W kolejnych latach inwestycje w telekomunikacji także powinny być w
dużym stopniu uzależnione od krajowych czynników gospodarczych (na
które wpływa sytuacja na świecie) oraz przełomu technologicznego
związanego z siecią nowej generacji. Według danych GUS, już w 2010 roku
wzrosło średnie roczne tempo PKB, choć średnia roczna stopa inwestycji
w całej gospodarce spadła z 21,2% w 2009 roku do 19,5% w 2010 roku.
Prognozy są optymistyczne i zakładają w 2013 roku średnie roczne tempo
wzrostu PKB na poziomie wyższym o 1,4 punktu procentowego w stosunku do
2010 roku. Prognozowany jest także wyraźny wzrost średniej rocznej
stopy inwestycji we wszystkich sektorach przemysłu. Korzystne prognozy
dla gospodarki zatrzymały spadające wydatki inwestycyjne w
telekomunikacji w 2010 r., jednak nadal nie dają impulsu do zwiększania
ich w kolejnych latach.
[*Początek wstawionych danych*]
(* Let $\mathcal{I}$ be an instance of SNSAT with $|\mathcal{I}|=n$, and let $\mathcal{K}_\mathcal{I}$ and $\psi_n$ be the Kripke structure and formula associated with $\mathcal{I}$ as described in the context. Then $v_\mathcal{I}(x_n)=\top$ if and only if $\mathcal{K}_\mathcal{I}\models[B]\bot\to\psi_n$, i.e., every initial track of $\mathcal{K}_\mathcal{I}$ satisfies $[B]\bot\to\psi_n$.
   Context: SNSAT: an instance $\mathcal{I}$ consists of Boolean variables $X=\{x_1,\dots,x_n\}$ and propositional formulas $F_1(Z_1),F_2(x_1,Z_2),\dots,F_n(x_1,\dots,x_{n-1},Z_n)$, where $F_i$ uses variables among $x_1,\dots,x_{i-1}$ and $Z_i=\{z_i^1,\dots,z_i^{j_i}\}$, the sets $Z_i$ being pairwise disjoint and disjoint from $X$; $|\mathcal{I}|=n$. The valuation $v_\mathcal{I}$ of $X$ is defined by $v_\mathcal{I}(x_i)=\top$ iff $F_i(v_\mathcal{I}(x_1),\dots,v_\mathcal{I}(x_{i-1}),Z_i)$ is satisfiable. Kripke structures, tracks and semantics: a finite Kripke structure $(\mathcal{AP},W,\delta,\mu,w_0)$ has left-total $\delta\subseteq W\times W$, labelling $\mu:W\to2^{\mathcal{AP}}$ and initial state $w_0$; a track is a nonempty finite sequence of states consecutive in $\delta$; it is initial if its first state is $w_0$; $\mathrm{fst},\mathrm{lst}$ are its first/last state. Formulas use proposition letters, $\neg,\wedge$ (other connectives as abbreviations), $\top,\bot$, $\langle A\rangle$, $\langle B\rangle$, $[B]\psi=\neg\langle B\rangle\neg\psi$. $\rho\models p$ iff $p\in\mu(w)$ for all states $w$ of $\rho$; $\rho\models\langle A\rangle\psi$ iff some track $\rho'$ with $\mathrm{fst}(\rho')=\mathrm{lst}(\rho)$ satisfies $\psi$; $\rho\models\langle B\rangle\psi$ iff some proper prefix $\rho(1,i)$, $1\le i<|\rho|$, satisfies $\psi$. $\mathcal{K}\models\psi$ iff all initial tracks satisfy $\psi$. The $F_i$ are read as formulas over proposition letters $X\cup Z$. Construction: let $Z=\bigcup_iZ_i$, $R=\{r_1,\dots,r_n\}$, $R_i=R\setminus\{r_i\}$. $\mathcal{K}_\mathcal{I}$ has proposition letters $X\cup Z\cup\{s,t\}\cup R\cup\{p_{\overline{x_i}}:1\le i\le n\}$ and distinct states $s_0$ and, for each $i$, $w_{x_i},\overline{w_{x_i}},\overline{s_i}$, and $w_{z_i^u},\overline{w_{z_i^u}}$ for $1\le u\le j_i$. Labels: $\mu(w_{x_i})=X\cup Z\cup\{s,t\}\cup R_i$; $\mu(\overline{w_{x_i}})=(X\setminus\{x_i\})\cup Z\cup\{s,t\}\cup R_i\cup\{p_{\overline{x_i}}\}$; $\mu(w_{z_i^u})=X\cup Z\cup\{s,t\}\cup R_i$; $\mu(\overline{w_{z_i^u}})=X\cup(Z\setminus\{z_i^u\})\cup\{s,t\}\cup R_i$; $\mu(\overline{s_i})=X\cup Z\cup\{t\}\cup R_i$; $\mu(s_0)=X\cup Z\cup\{s\}\cup R$. Call $L_i^0=\{w_{x_i},\overline{w_{x_i}}\}$ and $L_i^u=\{w_{z_i^u},\overline{w_{z_i^u}}\}$ for $1\le u\le j_i$. Transitions: $\overline{w_{x_i}}\to\overline{s_i}\to w_{x_i}$; every state of $L_i^{u}$ has an edge to both states of $L_i^{u+1}$ for $0\le u<j_i$; every state of $L_i^{j_i}$ has an edge to both states of $L_{i-1}^0$ if $i\ge2$, and to $s_0$ if $i=1$; $s_0\to s_0$. The initial state is $w_{x_n}$. Formulas: $\ell_{=2}=\langle B\rangle\top\wedge[B][B]\bot$; $\psi_0=\bot$ and for $k\ge1$, $\psi_k=\langle A\rangle\varphi_k$ with $\varphi_k=(s\wedge\neg t)\wedge\bigwedge_{i=1}^n\big((x_i\wedge\neg r_i)\to F_i(x_1,\dots,x_{i-1},Z_i)\big)\wedge[B]\Big(\big(\bigvee_{i=1}^n\langle A\rangle p_{\overline{x_i}}\big)\to\langle A\rangle\big(\neg s\wedge\ell_{=2}\wedge\langle A\rangle(\ell_{=2}\wedge\neg\psi_{k-1})\big)\Big)$. *)

theory Defs
  imports Main
begin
Nastroje na rynku telekomunikacyjnym są coraz
lepsze, co pokazuje Wskaźnik Koniunktury Telekomunikacyjnej PMR.

Według wartości Wskaźnika Koniunktury Telekomunikacyjnej PMR,
wydatki inwestycyjne powinny zacząć wzrastać już w 2010 roku, jednak
operatorzy nadal wstrzymują inwestycje. W 2010 roku większość
operatorów obniżyło inwestycje w stosunku do ubiegłego roku, jednak za
niezmienny poziom wydatków na rynku telekomunikacyjnym odpowiada kilku
operatorów. Największy wpływ na zachowanie tego poziomu miała
Telekomunikacja Polska SA. Po raz kolejny należy podkreślić istotne
znaczenie podpisanego Porozumienia TP-UKE, w ramach którego TP
wybudowało już 462 tys. linii dostępu szerokopasmowego.

TP pomoże także w utrzymaniu stałego poziomu inwestycji na rynku w
2011 roku, jeśli planowane wydatki przez operatorów nie zostaną
skorygowane. Większość przedsiębiorców planuje nieznaczne zwiększenie
wydatków w 2011 roku. Sytuacja gospodarcza na świecie nadal wydaje się
wpływać na podejmowanie decyzji inwestycyjnych, co uwidacznia się w
stałym poziomie inwestycji (2009-2011 r.). Pozostaje mieć nadzieję, że
znaczny zwrot technologiczny na świecie w kierunku sieci NGA przełoży
się także na inwestycje telekomunikacyjne w Polsce.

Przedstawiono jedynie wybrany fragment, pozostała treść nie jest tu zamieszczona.